I fell asleep at lunch today and had to force myself out of bed twice, and then out of my house twice, and then finally out of my plot. It took me so much energy I didn't even know I had in me, and the other worst thing is-- it paid off. Every effort I make here pays off in some way. I'm wracked with guilt for not taking advantage of every single opportunity that comes my way, and even more so for taking a few days off during this botswana holiday. I spent the whole morning and most of the afternoon with friends talking about New Xade, our feelings about the direction of our lives an this village, the upcoming holiday, and my feeling of overwhelming stress and guilt over my upcoming trip. My friend told me, don't worry, you won't be missing much. He's going on vacation too. My other friend told me, don't worry, we'll start our meetings when we get back-- she's going on vacation too.
Maybe it's becuase my supervisor at Peace Corps told me point blank that I would be missing out on a lot by leaving so soon after training that I'm feeling so guilty. I know in my heart of hearts that she is most definitely right-- but I wouldn't have asked to take this trip if I didn't already count the cost. I've always had this thing for authority, I respect it. I thrive off of it. I need to know that my superiors trust me in order to be the best that I can be. And the darndest thing is-- I think I could be a damn good peace corps volunteer if I can feel that I am trusted by my superiors! That's all I need to keep my emotional head above the water. I just need to know that the Peace Corps trusts me. I just need to know... it eats away at me at night to think that my superiors may feel that I am foolish or untrustworthy,
And finally-- the daily call to action. For those of you who want to help me out, letters, packages, episodes of 30 rock are great-- BUT this is the exciting part-- very soon, if things go alright within the next couple of weeks, I will be issuing a request for donations to build our youth center. The youth center may cost upwards of a couple thousand dollars, but I've identified this need, I've gathered plenty of support, I'm on the edge of identifying a steering committee, a designer, and a builder-- and once inspired, I will have a very elegant article of prose explaining the purpose and the dire need of the youth center for the children of New Xade who make me hold back tears on a daily basis.
I wish you could all be here with me to experience the joys and the pains of New Xade... and the odd emotion of joy and pain felt simultaneously for the same moment. The children here bring me so much joy-- and yet when I am with them, I feel pain, sadness, frustration, anger.

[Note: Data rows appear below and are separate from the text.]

lemma powr_minus_hinge_le:
  fixes p u z \<eta> :: real
  assumes p: "1 < p" and u: "0 \<le> u" "u \<le> z" and z: "1 \<le> z" and \<eta>: "0 < \<eta>" "\<eta> \<le> 1"
  shows "u powr p - (max 0 (u - \<eta>)) powr p \<le> p * \<eta> * z powr p"
proof (cases "u \<le> \<eta>")
  case True
  have "u powr p \<le> \<eta>" using powr_le_self[of u p] True u \<eta> p by auto
  also have "\<dots> \<le> p * \<eta> * z powr p"
  proof -
    have "1 * 1 \<le> p * z powr p" using z p by (intro mult_mono) (auto simp: ge_one_powr_ge_zero)
    then show ?thesis using \<eta> by (simp add: mult.assoc mult_le_cancel_left1)
  qed
  finally show ?thesis using True by simp
next
  case False
  then have u0: "0 < u" "0 < u - \<eta>" using \<eta> by auto
  have d: "((\<lambda>x. x powr p) has_real_derivative p * u powr (p - 1)) (at u within {0<..})"
    using u0 by (auto intro!: derivative_eq_intros simp: powr_diff)
  have "(u - \<eta>) powr p - u powr p \<ge> p * u powr (p - 1) * ((u - \<eta>) - u)"
    by (rule convex_on_imp_above_tangent[OF powr_convex]) (use p u0 d in \<open>auto simp: interior_open\<close>)
  then have "u powr p - (max 0 (u - \<eta>)) powr p \<le> p * u powr (p - 1) * \<eta>"
    using u0 by (simp add: algebra_simps)
  also have "\<dots> \<le> p * z powr p * \<eta>"
  proof -
    have "u powr (p - 1) \<le> z powr (p - 1)" using u u0 p by (intro powr_mono2) auto
    also have "\<dots> \<le> z powr p" using z p by (intro powr_mono) auto
    finally show ?thesis using p \<eta> by (intro mult_right_mono mult_left_mono) auto
  qed
  finally show ?thesis by (simp add: algebra_simps)
qed

lemma abs_ratio_diff_le:
  fixes c q Y X Y' e :: real
  assumes c: "0 < c" and q: "0 \<le> q" "q \<le> Y" and Y: "0 < Y" and e: "0 \<le> e" "e \<le> 1/2"
    and X: "c * (q - e * Y) \<le> X" "X \<le> c * q" "0 \<le> X"
    and Y': "c * (Y - e * Y) \<le> Y'" "Y' \<le> c * Y"
  shows "\<bar>X / Y' - q / Y\<bar> \<le> 2 * e"
proof -
  have Yl: "0 < c * (Y - e * Y)" using c Y e by (simp add: mult_pos_pos algebra_simps)
  then have Y'p: "0 < Y'" using Y' by linarith
  have "X / Y' \<le> (c * q) / (c * (Y - e * Y))"
    using X Y' Yl c q by (intro frac_le) auto
  also have "\<dots> = (q / Y) / (1 - e)" using c Y e by (simp add: field_simps)
  also have "\<dots> \<le> q / Y + 2 * e"
  proof -
    have key: "Q \<le> (Q + 2 * e) * (1 - e)" if "Q * e \<le> e" for Q :: real
    proof -
      have "2 * e * e \<le> e" using e by (simp add: mult_left_le_one_le)
      then show ?thesis using that by (simp add: algebra_simps)
    qed
    have "q / Y \<le> 1" "0 \<le> q / Y" using q Y by auto
    then have "q / Y \<le> (q / Y + 2 * e) * (1 - e)" using e by (intro key) (metis mult_left_le_one_le)
    moreover have "0 < 1 - e" using e by simp
    ultimately show ?thesis by (simp only: pos_divide_le_eq)
  qed
  finally have up: "X / Y' \<le> q / Y + 2 * e" .
  have lo: "q / Y - e \<le> X / Y'"
  proof (cases "q - e * Y \<le> 0")
    case True
    then have "q / Y \<le> e" using Y by (simp add: divide_le_eq)
    moreover have "0 \<le> X / Y'" using X Y'p by simp
    ultimately show ?thesis by linarith
  next
    case False
    have "(c * (q - e * Y)) / (c * Y) \<le> X / Y'"
      using X Y' Y'p False c by (intro frac_le) auto
    moreover have "(c * (q - e * Y)) / (c * Y) = q / Y - e" using c Y by (simp add: field_simps)
    ultimately show ?thesis by simp
  qed
  show ?thesis using up lo e by linarith
qed

lemma exists_dyadic_bracket:
  fixes y :: real
  assumes "1 < y"
  shows "\<exists>N. 2 ^ N < y \<and> y \<le> 2 ^ Suc N"
proof -
  obtain n where n: "y < 2 ^ n" using real_arch_pow[of 2 y] by auto
  define N' where "N' = (LEAST n. y \<le> (2::real) ^ n)"
  have yN': "y \<le> 2 ^ N'" unfolding N'_def by (rule LeastI[of _ n]) (use n in auto)
  then obtain N where N: "N' = Suc N" using assms by (cases N') auto
  have "\<not> y \<le> 2 ^ N"
    using not_less_Least[of N "\<lambda>n. y \<le> (2::real) ^ n"] N unfolding N'_def by simp
  then show ?thesis using yN' N by (intro exI[of _ N]) auto
qed

definition lower_env :: "real \<Rightarrow> real \<Rightarrow> real \<Rightarrow> real \<Rightarrow> real" where
  "lower_env \<kappa> p a x = \<kappa> * x powr p * max a (1 + a * ln x)"

definition enveloped :: "real \<Rightarrow> real \<Rightarrow> (real \<Rightarrow> real) \<Rightarrow> bool" where
  "enveloped \<kappa> p H \<longleftrightarrow> (\<forall>x\<in>{0..1}. H x \<le> x powr p)
     \<and> (\<exists>a\<in>{0..1}. \<forall>x\<in>{0<..1}. lower_env \<kappa> p a x \<le> H x)"

lemma lower_env_ge_powr:
  assumes "0 \<le> \<kappa>" "a \<in> {0..1}" "0 < x"
  shows "\<kappa> * (if a > 0 then a else 1) * x powr p \<le> lower_env \<kappa> p a x"
proof -
  have "(if a > 0 then a else 1) \<le> max a (1 + a * ln x)" using assms by auto
  then show ?thesis unfolding lower_env_def using assms
    by (metis mult.commute mult.left_commute mult_left_mono powr_ge_zero zero_le_mult_iff)
qed

lemma lower_env_le_self:
  assumes "0 \<le> \<kappa>" "\<kappa> \<le> 1" "1 \<le> p" "a \<in> {0..1}" "x \<in> {0<..1}"
  shows "lower_env \<kappa> p a x \<le> x"
proof -
  have "max a (1 + a * ln x) \<le> 1" using assms by (simp add: mult_nonneg_nonpos)
  moreover have "x powr p \<le> x" using assms by (intro powr_le_self) auto
  moreover have "0 \<le> max a (1 + a * ln x)" using assms by auto
  ultimately have "\<kappa> * x powr p * max a (1 + a * ln x) \<le> 1 * x * 1"
    using assms by (intro mult_mono) auto
  then show ?thesis unfolding lower_env_def by simp
qed

lemma lower_env_limit:
  assumes a: "\<And>n. a n \<in> {0..1}" and d: "d \<longlonglongrightarrow> 0"
    and below: "\<And>n x. x \<in> {0<..1} \<Longrightarrow> lower_env \<kappa> p (a n) x - d n \<le> H x"
  shows "\<exists>b\<in>{0..1}. \<forall>x\<in>{0<..1}. lower_env \<kappa> p b x \<le> H x"
proof -
  obtain b r where b: "b \<in> {0..1}" "strict_mono r" "(a \<circ> r) \<longlonglongrightarrow> b"
    using seq_compactE[OF compact_imp_seq_compact[OF compact_Icc], of a] a by metis
  show ?thesis
  proof (intro bexI[OF _ b(1)] ballI)
    fix x :: real assume x: "x \<in> {0<..1}"
    have "(\<lambda>n. lower_env \<kappa> p (a (r n)) x - d (r n)) \<longlonglongrightarrow> lower_env \<kappa> p b x - 0"
      unfolding lower_env_def using b(3) LIMSEQ_subseq_LIMSEQ[OF d b(2)]
      by (intro tendsto_intros) (auto simp: comp_def)
    then have "(\<lambda>n. lower_env \<kappa> p (a (r n)) x - d (r n)) \<longlonglongrightarrow> lower_env \<kappa> p b x" by simp
    then show "lower_env \<kappa> p b x \<le> H x"
      by (rule LIMSEQ_le_const2) (use below x in auto)
  qed
qed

Maybe I have too much empathy and when I hear stories of their woes from their parents, caretakers, teachers, and social workers, it's too much for me to handle. But there is still peace here, New Xade still brings me peace, despite the woes-- even though there are many.
Sending you my love from Africa. And reminding myself that it is indeed a privelage and an honor to be part of the Peace Corps here,
p.s. fridge has been out now for 3 days. tonight's dinner: a can of corn. and surprisingly, I'm loving it-- bah dah bap bap baaaaah (that's supposed to be the mcdonald's ditty-- do they still do that?)